Prompt: In the listing below, find the line containing "else (Xi ((k" and the line containing "qed (use G in auto)". Repeat exactly those two lines and every line between them.

Provided information:
lemma lifted_rows_in_cokernel:
  assumes q: "q < r"
  shows "row lifted q \<in> cokernel (shuffle n L P Q)"
proof -
  have U: "\<And>b. b < n \<Longrightarrow> U b \<in> carrier_mat L n"
    and SV: "\<And>a. a < n \<Longrightarrow> Sg a * V a \<in> carrier_mat L n"
    using svd_dims by (auto intro!: carrier_matI)
  have PQ: "\<And>b. b < n \<Longrightarrow> P b \<in> carrier_mat L n" "\<And>a. a < n \<Longrightarrow> Q a \<in> carrier_mat L n"
    by (auto intro!: carrier_matI)
  have lifted: "lifted \<in> carrier_mat r (2 * L * n)" by (auto intro!: carrier_matI)
  have "\<forall>q<r. \<forall>a<n. \<forall>b<n. (Yb b * U b) $$ (q, a) = (Zb a * (Sg a * V a)) $$ (q, b)"
    using rows_in_cokernel_shuffle_iff[where P=U and Q="\<lambda>k. Sg k * V k", OF B_dim U SV] B_rows
    unfolding Yb_def Zb_def by blast
  then have "\<forall>q<r. \<forall>a<n. \<forall>b<n. (Yblk n L lifted b * P b) $$ (q, a) = (Zblk n L lifted a * Q a) $$ (q, b)"
    by (simp add: lifted_blocks W_plus_mult_P W_minus_mult_Q)
  then show ?thesis using rows_in_cokernel_shuffle_iff[where P=P and Q=Q, OF lifted PQ] q by blast
qed

definition "xi_comb S c = vec (2 * L * n) (\<lambda>k. \<Sum>x\<in>S. c x * xi n L (fst x) (snd x) $ k)"

definition "xi_coeffs q = (SOME p. fst p \<subseteq> comp_pairs \<and> row lifted q = xi_comb (fst p) (snd p))"

lemma xi_coeffs:
  assumes q: "q < r"
  shows "fst (xi_coeffs q) \<subseteq> comp_pairs" "row lifted q = xi_comb (fst (xi_coeffs q)) (snd (xi_coeffs q))"
proof -
  have "row lifted q \<in> xi_span n L M" using lifted_rows_in_cokernel[OF q] cokernel_A by simp
  then obtain S c where "S \<subseteq> {(l, C). l < L \<and> C \<in> comps n M l}" "row lifted q = xi_comb S c"
    unfolding xi_span_def xi_comb_def by blast
  then have "\<exists>p. fst p \<subseteq> comp_pairs \<and> row lifted q = xi_comb (fst p) (snd p)"
    unfolding comp_pairs_def by (intro exI[of _ "(S, c)"]) auto
  from someI_ex[OF this] show "fst (xi_coeffs q) \<subseteq> comp_pairs"
    "row lifted q = xi_comb (fst (xi_coeffs q)) (snd (xi_coeffs q))"
    unfolding xi_coeffs_def by auto
qed

definition R :: "real mat" where
  "R = mat r r (\<lambda>(q, t). if comp_enum t \<in> fst (xi_coeffs q) then snd (xi_coeffs q) (comp_enum t) else 0)"

lemma R_dims[simp]: "dim_row R = r" "dim_col R = r" by (auto simp: R_def)

lemma lifted_row_eq_R_combination:
  assumes q: "q < r" and k: "k < 2 * L * n"
  shows "row lifted q $ k = (\<Sum>t<r. R $$ (q, t) * xi n L (fst (comp_enum t)) (snd (comp_enum t)) $ k)"
proof -
  let ?S = "fst (xi_coeffs q)" and ?c = "snd (xi_coeffs q)"
  have "row lifted q $ k = (\<Sum>p\<in>?S. ?c p * xi n L (fst p) (snd p) $ k)"
    using xi_coeffs(2)[OF q] k by (simp add: xi_comb_def)
  also have "\<dots> = (\<Sum>p\<in>comp_pairs. (if p \<in> ?S then ?c p else 0) * xi n L (fst p) (snd p) $ k)"
    using xi_coeffs(1)[OF q] finite_comp_pairs by (intro sum.mono_neutral_cong_left) auto
  also have "\<dots> = (\<Sum>t<r. R $$ (q, t) * xi n L (fst (comp_enum t)) (snd (comp_enum t)) $ k)"
    using sum.reindex_bij_betw[OF bij_comp_enum,
        of "\<lambda>p. (if p \<in> ?S then ?c p else 0) * xi n L (fst p) (snd p) $ k"] q
    by (simp add: R_def)
  finally show ?thesis .
qed

lemma W_plus_eq:
  assumes b: "b < n"
  shows "W_plus b = R * Xi b"
proof (rule eq_matI)
  fix q l assume "q < dim_row (R * Xi b)" "l < dim_col (R * Xi b)"
  then have q: "q < r" and l: "l < L" by auto
  have bl: "b * L + l < 2 * L * n" using shuffle_row_index_less(1)[OF b l] .
  have "W_plus b $$ (q, l) = row lifted q $ (b * L + l)"
    using Yblk_index[of q lifted l L n b] lifted_blocks(1)[OF b] q l bl by (simp add: lifted_def)
  also have "\<dots> = (\<Sum>t<r. R $$ (q, t) * Xi b $$ (t, l))"
    unfolding lifted_row_eq_R_combination[OF q bl]
    using block_index_less[OF b l] l by (intro sum.cong refl) (auto simp: xi_def Xi_def)
  also have "\<dots> = (R * Xi b) $$ (q, l)" using q l by (subst index_mult_mat_sum[of _ _ _ _ r]) auto
  finally show "W_plus b $$ (q, l) = (R * Xi b) $$ (q, l)" .
qed (use W_dims[OF b] in auto)

lemma W_minus_eq:
  assumes a: "a < n"
  shows "W_minus a = R * Xi a"
proof (rule eq_matI)
  fix q l assume "q < dim_row (R * Xi a)" "l < dim_col (R * Xi a)"
  then have q: "q < r" and l: "l < L" by auto
  have al: "L * n + a * L + l < 2 * L * n" using shuffle_row_index_less(2)[OF a l] .
  have "W_minus a $$ (q, l) = row lifted q $ (L * n + a * L + l)"
    using Zblk_index[of q lifted l L n a] lifted_blocks(2)[OF a] q l al by (simp add: lifted_def)
  also have "\<dots> = (\<Sum>t<r. R $$ (q, t) * Xi_minus a $$ (t, l))"
    unfolding lifted_row_eq_R_combination[OF q al]
    using block_index_less[OF a l] l by (intro sum.cong refl) (auto simp: xi_def Xi_minus_def)
  also have "\<dots> = (R * Xi a) $$ (q, l)"
    unfolding Xi_minus_eq_Xi[OF a] using q l by (subst index_mult_mat_sum[of _ _ _ _ r]) auto
  finally show "W_minus a $$ (q, l) = (R * Xi a) $$ (q, l)" .
qed (use W_dims[OF a] in auto)

lemma Yb_eq:
  assumes k: "k < n"
  shows "Yb k = R * (Xi k * transpose_mat (chgM k))"
proof -
  note [simp] = chg_dims[OF k]
  have "Yb k = Yb k * (chgP k * transpose_mat (chgM k))" using chg_inverse(3)[OF k] by simp
  also have "\<dots> = W_plus k * transpose_mat (chgM k)"
    unfolding W_plus_def by (simp add: assoc_mult_mat_dim)
  also have "\<dots> = R * (Xi k * transpose_mat (chgM k))"
    unfolding W_plus_eq[OF k] by (simp add: assoc_mult_mat_dim)
  finally show ?thesis .
qed

lemma Zb_eq:
  assumes k: "k < n"
  shows "Zb k = R * (Xi k * Delta k * transpose_mat (chgP k))"
proof -
  note [simp] = chg_dims[OF k]
  have "Zb k = Zb k * (chgM k * ((Delta_inv k * Delta k) * transpose_mat (chgP k)))"
    using chg_inverse(2)[OF k] Delta_inverse(2)[OF k] by simp
  also have "\<dots> = W_minus k * Delta k * transpose_mat (chgP k)"
    unfolding W_minus_def by (simp add: assoc_mult_mat_dim)
  also have "\<dots> = R * (Xi k * Delta k * transpose_mat (chgP k))"
    unfolding W_minus_eq[OF k] by (simp add: assoc_mult_mat_dim)
  finally show ?thesis .
qed

lemma Zb_mult_transpose_Yb:
  assumes k: "k < n"
  shows "Zb k * transpose_mat (Yb k) = (R * Xi k) * Delta k * transpose_mat (R * Xi k)"
proof -
  note [simp] = chg_dims[OF k]
  have "Zb k * transpose_mat (Yb k)
      = R * (Xi k * (Delta k * (transpose_mat (chgP k) * chgM k * (transpose_mat (Xi k) * transpose_mat R))))"
    unfolding Zb_eq[OF k] Yb_eq[OF k] by (simp add: assoc_mult_mat_dim transpose_mult_mat_dim)
  also have "\<dots> = (R * Xi k) * Delta k * transpose_mat (R * Xi k)"
    using chg_inverse(1)[OF k] by (simp add: assoc_mult_mat_dim transpose_mult_mat_dim)
  finally show ?thesis .
qed

lemma B_eq_R_mult:
  obtains G where "G \<in> carrier_mat r (2 * L * n)" "B = R * G"
proof -
  define G where "G = mat r (2 * L * n) (\<lambda>(t, k).
    if k < L * n then (Xi (k div L) * transpose_mat (chgM (k div L))) $$ (t, k mod L)
    else (Xi ((k - L * n) div L) * Delta ((k - L * n) div L) * transpose_mat (chgP ((k - L * n) div L)))
      $$ (t, (k - L * n) mod L))"
  have G: "G \<in> carrier_mat r (2 * L * n)" unfolding G_def by simp
  have "B = R * G"
  proof (rule eq_matI)
    fix q k assume "q < dim_row (R * G)" "k < dim_col (R * G)"
    then have q: "q < r" and k: "k < 2 * L * n" using G by auto
    have RG: "(R * G) $$ (q, k) = row R q \<bullet> col G k" using q k G by simp
    from k show "B $$ (q, k) = (R * G) $$ (q, k)"
    proof (cases rule: two_block_index_cases)
      case (plus b l)
      then have "col G k = col (Xi b * transpose_mat (chgM b)) l"
        using block_index_less[OF plus(1, 2)] chg_dims[OF plus(1)] by (intro eq_vecI) (auto simp: G_def)
      moreover have "B $$ (q, k) = (R * (Xi b * transpose_mat (chgM b))) $$ (q, l)"
        using Yblk_index[of q B l L n b] Yb_eq[OF plus(1), unfolded Yb_def] q plus by simp
      ultimately show ?thesis using plus q chg_dims[OF plus(1)] unfolding RG by simp
    next
      case (minus a l)
      then have "col G k = col (Xi a * Delta a * transpose_mat (chgP a)) l"
        using block_index_less[OF minus(1, 2)] chg_dims[OF minus(1)] by (intro eq_vecI) (auto simp: G_def)
      moreover have "B $$ (q, k) = (R * (Xi a * Delta a * transpose_mat (chgP a))) $$ (q, l)"
        using Zblk_index[of q B l L n a] Zb_eq[OF minus(1), unfolded Zb_def] q minus by simp
      ultimately show ?thesis using minus q chg_dims[OF minus(1)] unfolding RG by simp
    qed
  qed (use G in auto)
  then show ?thesis using G that by blast
qed

lemma mrank_R: "mrank R = r"
proof -
  obtain G where G: "G \<in> carrier_mat r (2 * L * n)" and B_RG: "B = R * G" using B_eq_R_mult .
  have R: "R \<in> carrier_mat r r" by auto
  have "r = mrank (R * G)" unfolding B_RG[symmetric] using B_indep by simp
  also have "\<dots> \<le> mrank R" by (rule mrank_mult_le[OF R G])
  finally show ?thesis using mrank_le_ncols[OF R] by simp
qed

lemma R_left_inverse:
  obtains Rl where "Rl \<in> carrier_mat r r" "Rl * R = 1\<^sub>m r"
proof -
  have R: "R \<in> carrier_mat r r" by auto
  obtain Ri where "Ri \<in> carrier_mat r r" "Ri * R = 1\<^sub>m r"
    using inj_imp_invertible_mat[OF R mrank_eq_ncols_imp_inj[OF R mrank_R]] by blast
  then show ?thesis by (rule that)
qed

Answer space:
    else (Xi ((k - L * n) div L) * Delta ((k - L * n) div L) * transpose_mat (chgP ((k - L * n) div L)))
      $$ (t, (k - L * n) mod L))"
  have G: "G \<in> carrier_mat r (2 * L * n)" unfolding G_def by simp
  have "B = R * G"
  proof (rule eq_matI)
    fix q k assume "q < dim_row (R * G)" "k < dim_col (R * G)"
    then have q: "q < r" and k: "k < 2 * L * n" using G by auto
    have RG: "(R * G) $$ (q, k) = row R q \<bullet> col G k" using q k G by simp
    from k show "B $$ (q, k) = (R * G) $$ (q, k)"
    proof (cases rule: two_block_index_cases)
      case (plus b l)
      then have "col G k = col (Xi b * transpose_mat (chgM b)) l"
        using block_index_less[OF plus(1, 2)] chg_dims[OF plus(1)] by (intro eq_vecI) (auto simp: G_def)
      moreover have "B $$ (q, k) = (R * (Xi b * transpose_mat (chgM b))) $$ (q, l)"
        using Yblk_index[of q B l L n b] Yb_eq[OF plus(1), unfolded Yb_def] q plus by simp
      ultimately show ?thesis using plus q chg_dims[OF plus(1)] unfolding RG by simp
    next
      case (minus a l)
      then have "col G k = col (Xi a * Delta a * transpose_mat (chgP a)) l"
        using block_index_less[OF minus(1, 2)] chg_dims[OF minus(1)] by (intro eq_vecI) (auto simp: G_def)
      moreover have "B $$ (q, k) = (R * (Xi a * Delta a * transpose_mat (chgP a))) $$ (q, l)"
        using Zblk_index[of q B l L n a] Zb_eq[OF minus(1), unfolded Zb_def] q minus by simp
      ultimately show ?thesis using minus q chg_dims[OF minus(1)] unfolding RG by simp
    qed
  qed (use G in auto)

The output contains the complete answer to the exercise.